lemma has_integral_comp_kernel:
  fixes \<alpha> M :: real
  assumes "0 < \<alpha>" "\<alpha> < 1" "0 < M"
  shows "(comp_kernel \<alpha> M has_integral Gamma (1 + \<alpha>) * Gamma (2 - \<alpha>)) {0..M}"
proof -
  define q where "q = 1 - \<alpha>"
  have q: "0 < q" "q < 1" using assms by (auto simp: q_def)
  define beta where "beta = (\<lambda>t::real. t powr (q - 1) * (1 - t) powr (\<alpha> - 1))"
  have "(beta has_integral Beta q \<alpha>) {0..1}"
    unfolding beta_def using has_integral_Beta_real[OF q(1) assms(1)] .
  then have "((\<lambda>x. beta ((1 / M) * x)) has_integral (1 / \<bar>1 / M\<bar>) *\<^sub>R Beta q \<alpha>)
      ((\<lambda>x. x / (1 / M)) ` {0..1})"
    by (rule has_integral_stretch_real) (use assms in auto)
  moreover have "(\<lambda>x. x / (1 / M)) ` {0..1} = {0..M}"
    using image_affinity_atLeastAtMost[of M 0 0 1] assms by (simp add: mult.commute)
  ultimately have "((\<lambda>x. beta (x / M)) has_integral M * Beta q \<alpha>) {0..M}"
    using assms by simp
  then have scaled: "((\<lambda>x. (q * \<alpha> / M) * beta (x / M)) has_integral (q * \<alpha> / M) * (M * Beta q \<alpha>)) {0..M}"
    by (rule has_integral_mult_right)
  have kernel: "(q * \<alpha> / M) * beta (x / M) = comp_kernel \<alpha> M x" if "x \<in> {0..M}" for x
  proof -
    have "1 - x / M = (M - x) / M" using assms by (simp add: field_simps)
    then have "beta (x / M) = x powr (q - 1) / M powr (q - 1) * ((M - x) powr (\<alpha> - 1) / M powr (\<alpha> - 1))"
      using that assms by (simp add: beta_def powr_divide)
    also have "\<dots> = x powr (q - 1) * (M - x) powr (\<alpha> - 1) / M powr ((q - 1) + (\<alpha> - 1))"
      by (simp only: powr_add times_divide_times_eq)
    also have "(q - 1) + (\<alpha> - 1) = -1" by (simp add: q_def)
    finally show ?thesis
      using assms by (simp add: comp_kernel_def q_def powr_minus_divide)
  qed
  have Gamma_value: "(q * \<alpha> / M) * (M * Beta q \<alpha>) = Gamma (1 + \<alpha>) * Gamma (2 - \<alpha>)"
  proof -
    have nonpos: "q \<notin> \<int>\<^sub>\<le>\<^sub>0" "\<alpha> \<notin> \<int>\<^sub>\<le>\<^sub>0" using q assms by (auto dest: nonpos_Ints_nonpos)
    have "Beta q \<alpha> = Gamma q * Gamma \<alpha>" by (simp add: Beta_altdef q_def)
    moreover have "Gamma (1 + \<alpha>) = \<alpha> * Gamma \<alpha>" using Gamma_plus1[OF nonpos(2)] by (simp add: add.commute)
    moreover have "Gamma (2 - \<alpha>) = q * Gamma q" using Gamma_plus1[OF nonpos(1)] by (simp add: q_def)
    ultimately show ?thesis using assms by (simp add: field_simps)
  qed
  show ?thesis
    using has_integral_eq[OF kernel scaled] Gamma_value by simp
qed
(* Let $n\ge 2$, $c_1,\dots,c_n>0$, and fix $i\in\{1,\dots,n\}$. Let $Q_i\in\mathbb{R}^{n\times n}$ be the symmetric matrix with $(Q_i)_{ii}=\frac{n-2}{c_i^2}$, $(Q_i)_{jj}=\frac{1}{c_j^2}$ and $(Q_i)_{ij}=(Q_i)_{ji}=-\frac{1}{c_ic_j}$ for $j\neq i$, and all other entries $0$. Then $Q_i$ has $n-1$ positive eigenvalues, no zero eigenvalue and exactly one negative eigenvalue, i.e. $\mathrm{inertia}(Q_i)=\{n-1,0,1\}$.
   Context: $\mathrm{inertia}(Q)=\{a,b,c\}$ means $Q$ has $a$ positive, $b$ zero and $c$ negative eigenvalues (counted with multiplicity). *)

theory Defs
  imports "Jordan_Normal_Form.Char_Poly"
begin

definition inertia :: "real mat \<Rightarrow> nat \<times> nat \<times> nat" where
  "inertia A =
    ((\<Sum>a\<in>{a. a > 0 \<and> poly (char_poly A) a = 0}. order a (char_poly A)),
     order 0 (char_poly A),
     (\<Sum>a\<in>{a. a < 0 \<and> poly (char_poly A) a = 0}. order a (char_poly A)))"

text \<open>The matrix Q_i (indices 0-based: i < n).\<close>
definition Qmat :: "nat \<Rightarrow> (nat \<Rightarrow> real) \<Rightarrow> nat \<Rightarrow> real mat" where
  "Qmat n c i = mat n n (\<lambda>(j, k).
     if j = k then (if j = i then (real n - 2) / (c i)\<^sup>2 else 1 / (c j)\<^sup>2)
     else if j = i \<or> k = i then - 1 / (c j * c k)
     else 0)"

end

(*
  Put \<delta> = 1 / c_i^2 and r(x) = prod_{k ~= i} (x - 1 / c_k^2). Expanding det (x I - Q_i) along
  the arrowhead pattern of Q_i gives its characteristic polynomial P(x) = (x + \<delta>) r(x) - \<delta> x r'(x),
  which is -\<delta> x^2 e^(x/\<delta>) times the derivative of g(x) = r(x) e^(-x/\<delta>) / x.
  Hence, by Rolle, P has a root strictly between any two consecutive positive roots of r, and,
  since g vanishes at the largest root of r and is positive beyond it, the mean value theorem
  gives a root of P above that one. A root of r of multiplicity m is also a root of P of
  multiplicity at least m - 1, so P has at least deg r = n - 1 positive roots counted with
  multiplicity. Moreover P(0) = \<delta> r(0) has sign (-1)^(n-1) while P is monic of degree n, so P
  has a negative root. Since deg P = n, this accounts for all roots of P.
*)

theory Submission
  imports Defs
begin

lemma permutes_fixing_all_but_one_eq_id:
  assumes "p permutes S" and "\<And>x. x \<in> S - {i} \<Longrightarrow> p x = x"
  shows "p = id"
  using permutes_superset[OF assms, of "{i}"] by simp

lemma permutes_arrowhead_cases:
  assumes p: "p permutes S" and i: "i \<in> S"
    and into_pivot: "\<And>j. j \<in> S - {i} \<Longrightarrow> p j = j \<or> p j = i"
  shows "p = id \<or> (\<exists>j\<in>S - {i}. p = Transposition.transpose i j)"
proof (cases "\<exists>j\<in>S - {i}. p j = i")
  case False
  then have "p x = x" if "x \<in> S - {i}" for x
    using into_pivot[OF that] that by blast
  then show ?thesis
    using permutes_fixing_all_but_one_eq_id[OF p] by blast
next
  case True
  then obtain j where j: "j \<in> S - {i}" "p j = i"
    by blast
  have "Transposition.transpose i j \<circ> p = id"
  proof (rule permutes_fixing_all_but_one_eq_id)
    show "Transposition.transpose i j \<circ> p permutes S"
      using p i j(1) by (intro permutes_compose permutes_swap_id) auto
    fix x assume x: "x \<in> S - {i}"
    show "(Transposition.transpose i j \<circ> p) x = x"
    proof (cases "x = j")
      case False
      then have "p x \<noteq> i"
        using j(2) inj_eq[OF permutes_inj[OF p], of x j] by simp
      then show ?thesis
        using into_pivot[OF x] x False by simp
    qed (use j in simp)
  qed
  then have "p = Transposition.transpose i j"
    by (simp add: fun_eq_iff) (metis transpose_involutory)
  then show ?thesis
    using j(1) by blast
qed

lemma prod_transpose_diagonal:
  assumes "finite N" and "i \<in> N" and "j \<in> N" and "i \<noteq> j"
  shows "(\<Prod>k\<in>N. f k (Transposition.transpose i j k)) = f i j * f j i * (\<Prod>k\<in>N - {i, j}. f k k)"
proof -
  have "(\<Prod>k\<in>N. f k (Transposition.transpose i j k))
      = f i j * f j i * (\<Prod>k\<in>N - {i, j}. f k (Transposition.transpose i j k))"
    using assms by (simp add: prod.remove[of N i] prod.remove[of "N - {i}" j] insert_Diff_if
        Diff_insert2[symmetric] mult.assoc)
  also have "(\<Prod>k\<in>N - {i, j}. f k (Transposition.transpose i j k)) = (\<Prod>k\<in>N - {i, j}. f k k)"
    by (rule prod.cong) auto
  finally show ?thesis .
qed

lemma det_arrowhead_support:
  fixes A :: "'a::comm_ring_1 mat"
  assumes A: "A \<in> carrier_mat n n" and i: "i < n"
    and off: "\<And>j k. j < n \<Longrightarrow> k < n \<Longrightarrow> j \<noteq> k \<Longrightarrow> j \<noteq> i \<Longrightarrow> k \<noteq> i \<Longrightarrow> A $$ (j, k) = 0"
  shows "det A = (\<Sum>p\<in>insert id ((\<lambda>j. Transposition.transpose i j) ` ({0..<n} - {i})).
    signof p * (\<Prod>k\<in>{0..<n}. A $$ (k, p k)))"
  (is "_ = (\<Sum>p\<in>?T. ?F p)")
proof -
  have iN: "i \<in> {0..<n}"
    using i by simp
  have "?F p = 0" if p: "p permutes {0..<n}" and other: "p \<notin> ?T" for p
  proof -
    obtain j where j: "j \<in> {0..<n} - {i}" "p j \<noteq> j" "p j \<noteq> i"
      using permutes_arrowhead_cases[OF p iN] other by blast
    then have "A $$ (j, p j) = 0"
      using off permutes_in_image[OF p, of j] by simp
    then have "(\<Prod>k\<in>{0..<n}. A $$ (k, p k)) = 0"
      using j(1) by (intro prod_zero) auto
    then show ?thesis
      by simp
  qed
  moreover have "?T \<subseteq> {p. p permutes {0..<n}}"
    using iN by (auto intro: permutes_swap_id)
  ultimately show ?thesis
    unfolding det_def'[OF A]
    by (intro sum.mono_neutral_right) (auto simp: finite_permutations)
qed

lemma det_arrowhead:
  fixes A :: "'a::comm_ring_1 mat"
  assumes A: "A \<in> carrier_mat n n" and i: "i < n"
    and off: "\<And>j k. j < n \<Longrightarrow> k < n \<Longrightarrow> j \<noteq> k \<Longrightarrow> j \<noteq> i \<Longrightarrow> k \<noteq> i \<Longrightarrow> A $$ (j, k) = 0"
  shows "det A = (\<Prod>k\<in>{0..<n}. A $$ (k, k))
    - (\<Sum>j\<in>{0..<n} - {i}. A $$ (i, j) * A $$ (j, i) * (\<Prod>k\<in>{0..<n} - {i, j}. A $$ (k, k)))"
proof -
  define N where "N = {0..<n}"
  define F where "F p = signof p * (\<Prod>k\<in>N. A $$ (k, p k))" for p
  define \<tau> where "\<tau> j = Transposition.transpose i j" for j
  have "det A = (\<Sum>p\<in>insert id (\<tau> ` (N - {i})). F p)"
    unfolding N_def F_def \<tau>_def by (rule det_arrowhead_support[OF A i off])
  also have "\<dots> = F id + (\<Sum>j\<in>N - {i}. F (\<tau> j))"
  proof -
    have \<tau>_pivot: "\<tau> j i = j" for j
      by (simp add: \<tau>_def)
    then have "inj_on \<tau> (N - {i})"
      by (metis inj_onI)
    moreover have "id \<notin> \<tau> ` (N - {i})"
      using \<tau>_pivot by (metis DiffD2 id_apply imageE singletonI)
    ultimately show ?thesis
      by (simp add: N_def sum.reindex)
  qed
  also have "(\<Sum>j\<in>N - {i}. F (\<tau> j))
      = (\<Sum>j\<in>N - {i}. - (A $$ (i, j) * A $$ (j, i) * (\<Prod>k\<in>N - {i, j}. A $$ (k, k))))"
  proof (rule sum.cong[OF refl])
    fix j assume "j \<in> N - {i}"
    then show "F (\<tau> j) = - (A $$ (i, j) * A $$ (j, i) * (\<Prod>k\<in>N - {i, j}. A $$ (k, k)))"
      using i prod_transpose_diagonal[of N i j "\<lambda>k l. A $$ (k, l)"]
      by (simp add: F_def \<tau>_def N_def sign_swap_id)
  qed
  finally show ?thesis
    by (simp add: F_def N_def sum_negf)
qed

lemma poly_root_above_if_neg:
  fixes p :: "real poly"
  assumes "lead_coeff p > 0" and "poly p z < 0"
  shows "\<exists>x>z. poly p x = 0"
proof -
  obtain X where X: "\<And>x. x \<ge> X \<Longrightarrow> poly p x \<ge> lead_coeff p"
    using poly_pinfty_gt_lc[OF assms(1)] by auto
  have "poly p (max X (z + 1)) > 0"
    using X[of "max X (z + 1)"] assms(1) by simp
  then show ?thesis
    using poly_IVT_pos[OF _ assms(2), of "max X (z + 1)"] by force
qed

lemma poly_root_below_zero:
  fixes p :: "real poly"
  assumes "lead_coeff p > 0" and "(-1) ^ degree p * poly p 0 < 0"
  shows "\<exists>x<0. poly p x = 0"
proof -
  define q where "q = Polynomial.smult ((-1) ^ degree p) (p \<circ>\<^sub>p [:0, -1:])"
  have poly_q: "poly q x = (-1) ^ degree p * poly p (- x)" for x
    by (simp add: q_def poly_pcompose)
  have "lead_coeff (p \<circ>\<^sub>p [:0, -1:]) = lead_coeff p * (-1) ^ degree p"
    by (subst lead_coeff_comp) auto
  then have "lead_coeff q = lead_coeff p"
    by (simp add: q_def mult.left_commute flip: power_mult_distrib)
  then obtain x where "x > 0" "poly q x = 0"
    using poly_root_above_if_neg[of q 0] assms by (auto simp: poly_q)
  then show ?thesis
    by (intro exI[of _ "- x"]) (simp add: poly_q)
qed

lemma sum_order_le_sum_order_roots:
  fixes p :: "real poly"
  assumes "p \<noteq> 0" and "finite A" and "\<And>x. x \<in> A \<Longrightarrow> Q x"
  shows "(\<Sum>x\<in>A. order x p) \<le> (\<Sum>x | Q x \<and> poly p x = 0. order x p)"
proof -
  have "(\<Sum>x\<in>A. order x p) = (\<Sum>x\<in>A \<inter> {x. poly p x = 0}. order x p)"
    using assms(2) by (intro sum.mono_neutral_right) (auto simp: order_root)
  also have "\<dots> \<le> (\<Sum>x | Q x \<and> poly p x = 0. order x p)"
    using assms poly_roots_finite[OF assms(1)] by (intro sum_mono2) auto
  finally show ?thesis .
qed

■ **Directions**
Copy, please, exactly the lines that start at the first line of the data and end at the line containing "(auto dest: nonpos_Ints_nonpos)", both kept and no others.

■ **Response area**
lemma has_integral_comp_kernel:
  fixes \<alpha> M :: real
  assumes "0 < \<alpha>" "\<alpha> < 1" "0 < M"
  shows "(comp_kernel \<alpha> M has_integral Gamma (1 + \<alpha>) * Gamma (2 - \<alpha>)) {0..M}"
proof -
  define q where "q = 1 - \<alpha>"
  have q: "0 < q" "q < 1" using assms by (auto simp: q_def)
  define beta where "beta = (\<lambda>t::real. t powr (q - 1) * (1 - t) powr (\<alpha> - 1))"
  have "(beta has_integral Beta q \<alpha>) {0..1}"
    unfolding beta_def using has_integral_Beta_real[OF q(1) assms(1)] .
  then have "((\<lambda>x. beta ((1 / M) * x)) has_integral (1 / \<bar>1 / M\<bar>) *\<^sub>R Beta q \<alpha>)
      ((\<lambda>x. x / (1 / M)) ` {0..1})"
    by (rule has_integral_stretch_real) (use assms in auto)
  moreover have "(\<lambda>x. x / (1 / M)) ` {0..1} = {0..M}"
    using image_affinity_atLeastAtMost[of M 0 0 1] assms by (simp add: mult.commute)
  ultimately have "((\<lambda>x. beta (x / M)) has_integral M * Beta q \<alpha>) {0..M}"
    using assms by simp
  then have scaled: "((\<lambda>x. (q * \<alpha> / M) * beta (x / M)) has_integral (q * \<alpha> / M) * (M * Beta q \<alpha>)) {0..M}"
    by (rule has_integral_mult_right)
  have kernel: "(q * \<alpha> / M) * beta (x / M) = comp_kernel \<alpha> M x" if "x \<in> {0..M}" for x
  proof -
    have "1 - x / M = (M - x) / M" using assms by (simp add: field_simps)
    then have "beta (x / M) = x powr (q - 1) / M powr (q - 1) * ((M - x) powr (\<alpha> - 1) / M powr (\<alpha> - 1))"
      using that assms by (simp add: beta_def powr_divide)
    also have "\<dots> = x powr (q - 1) * (M - x) powr (\<alpha> - 1) / M powr ((q - 1) + (\<alpha> - 1))"
      by (simp only: powr_add times_divide_times_eq)
    also have "(q - 1) + (\<alpha> - 1) = -1" by (simp add: q_def)
    finally show ?thesis
      using assms by (simp add: comp_kernel_def q_def powr_minus_divide)
  qed
  have Gamma_value: "(q * \<alpha> / M) * (M * Beta q \<alpha>) = Gamma (1 + \<alpha>) * Gamma (2 - \<alpha>)"
  proof -
    have nonpos: "q \<notin> \<int>\<^sub>\<le>\<^sub>0" "\<alpha> \<notin> \<int>\<^sub>\<le>\<^sub>0" using q assms by (auto dest: nonpos_Ints_nonpos)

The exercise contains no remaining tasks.